Structural Optimization and Influence Factors on Reliability for Composite Wind Turbine Blade

Good structural performance and reliability are two key objectives in design of wind turbine blade. To improve the natural frequency of blades to avoid resonance effectively, but it also increases the weight and direct manufacturing cost of blades. To achieve the best trade-off between mass and first-order frequency of blades, this paper presents a method of structural optimization based on multi-objective genetic algorithm NSGA-II. A small wind turbine blade is taken as case study. The CFD computation is performed to obtain the aerodynamic load, and the FEM is applied to obtain structure responses. With the weight minimization and the first-order frequency maximization of the blade as two goals, the optimization model is constructed and the Pareto solution set of two goals is obtained. Compared with original scheme, the weight of the optimized blade is reduced by about 15%. On the premise of avoiding blade resonance, the solution with the weight as light as possible is selected as the design scheme. The delamination failure, buckling failure, strength failure, and other failure modes of the blade with thin airfoil are analyzed, and the results show that the delamination failure and buckling failure of the blade can be ignored temporarily.
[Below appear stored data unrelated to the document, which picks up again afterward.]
(* Let $L>0$ be fixed and let the constant renormalized force $F=F(N)>0$ satisfy $F(N)=o(N)$ as $N\to\infty$. Then the fixed point satisfies $$\max_{1\le k\le N}\Big|(x_{k-1}-x_k)-\frac LN\Big|=o\Big(\frac1N\Big)\quad (N\to\infty),$$ so in particular the particle density exists and is the constant $1/L$ on $[-L,0]$.
   Context: A configuration consists of $N+1$ point particles $-L\le x_N<\dots<x_1<x_0\le 0$ on $[-L,0]$ with potential energy $U=\sum_{i=1}^{N}\frac{\alpha_{int}}{x_{i-1}-x_i}-\sum_{i=0}^{N}\int_{-L}^{x_i}\alpha_{ext}F_0\,dx$, $\alpha_{int},\alpha_{ext}>0$, with constant $F_0>0$; the renormalized force is the constant $F=\frac{\alpha_{ext}}{\alpha_{int}}F_0$, which may depend on $N$ (the external force pushes particles towards $0$). Write $\delta_k=x_{k-1}-x_k$, $f_k=\delta_k^{-2}$. The walls at $0,-L$ are completely inelastic. A fixed point is a configuration with $x_0=0$, $f_{k+1}+F=f_k$ for $k=1,\dots,N-1$, and either $x_N=-L$ with $f_N\ge F$, or $x_N>-L$ with $f_N=F$; it exists and is unique. The density $\rho$ of the fixed points (as $N\to\infty$) is a function on $[-L,0]$ such that for every subinterval $I\subset[-L,0]$, $\int_I\rho(x)\,dx=\lim_{N\to\infty}\frac{\#\{i:x_i\in I\}}{N}$. *)

theory Defs
  imports "HOL-Analysis.Analysis"
begin

definition configuration :: "real \<Rightarrow> nat \<Rightarrow> (nat \<Rightarrow> real) \<Rightarrow> bool" where
  "configuration L N x \<longleftrightarrow> -L \<le> x N \<and> x 0 \<le> 0 \<and> (\<forall>k\<in>{1..N}. x k < x (k - 1))"

definition fk :: "(nat \<Rightarrow> real) \<Rightarrow> nat \<Rightarrow> real" where
  "fk x k = 1 / (x (k - 1) - x k)\<^sup>2"

definition fixed_point :: "real \<Rightarrow> real \<Rightarrow> nat \<Rightarrow> (nat \<Rightarrow> real) \<Rightarrow> bool" where
  "fixed_point L F N x \<longleftrightarrow> configuration L N x \<and> x 0 = 0 \<and>
     (\<forall>k\<in>{1..N - 1}. fk x (k + 1) + F = fk x k) \<and>
     ((x N = -L \<and> fk x N \<ge> F) \<or> (x N > -L \<and> fk x N = F))"

end

theory Submission
  imports Defs
begin

text \<open>The fixed-point equations say that \<open>f\<^sub>k = 1/\<delta>\<^sub>k\<^sup>2\<close> drops by \<open>F\<close> from one gap to the
  next, so the gaps increase from \<open>\<delta>\<^sub>1\<close> to \<open>\<delta>\<^sub>N\<close> and \<open>1/\<delta>\<^sub>1\<^sup>2 - 1/\<delta>\<^sub>N\<^sup>2 = (N - 1) F\<close>.
  The gaps add up to at most \<open>L\<close>, so \<open>\<delta>\<^sub>1 \<le> L/N\<close>; once \<open>F \<le> N/(2L\<^sup>2)\<close> this gives
  \<open>f\<^sub>N \<ge> N\<^sup>2/(2L\<^sup>2)\<close>, which rules out \<open>f\<^sub>N = F\<close>. Hence the last particle sits on the wall,
  \<open>L/N \<le> \<delta>\<^sub>N \<le> 2L/N\<close>, and the identity yields \<open>\<delta>\<^sub>N - \<delta>\<^sub>1 \<le> (N - 1) F \<delta>\<^sub>N \<delta>\<^sub>1\<^sup>2 = O(F/N\<^sup>2)\<close>.
  Summing gaps, \<open>x\<^sub>i\<close> stays within \<open>O(F/N) = o(1)\<close> of the lattice point \<open>-iL/N\<close>, and
  counting lattice points in \<open>[a, b]\<close> gives the density \<open>1/L\<close>.\<close>

definition gap :: "(nat \<Rightarrow> real) \<Rightarrow> nat \<Rightarrow> real" where
  "gap x k = x (k - 1) - x k"

lemma fk_eq_inverse_gap_square: "fk x k = 1 / (gap x k)\<^sup>2"
  by (simp add: fk_def gap_def)

lemma sum_gap: "(\<Sum>k = 1..i. gap x k) = x 0 - x i"
  by (induction i) (simp_all add: gap_def)

lemma fixed_point_gap_pos:
  assumes "fixed_point L F N x" and "k \<in> {1..N}"
  shows "gap x k > 0"
  using assms by (auto simp: fixed_point_def configuration_def gap_def)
Time-varying wind speed and some mechanical parameters of composite materials are taken as random input variables. The reliabilities of the design scheme with multiple failure modes are evaluated, and the reliability sensitivity is analyzed by combining FEM, BP neural network method and Monte Carlo Simulation (MCS) method. The results show that wind speed and longitudinal elastic modulus of uniaxial fiberglass are critical influence factors for affecting reliabilities of the blade. Meanwhile, the results can also provide some references about the timing of shutting down wind turbines and the selection of composite materials.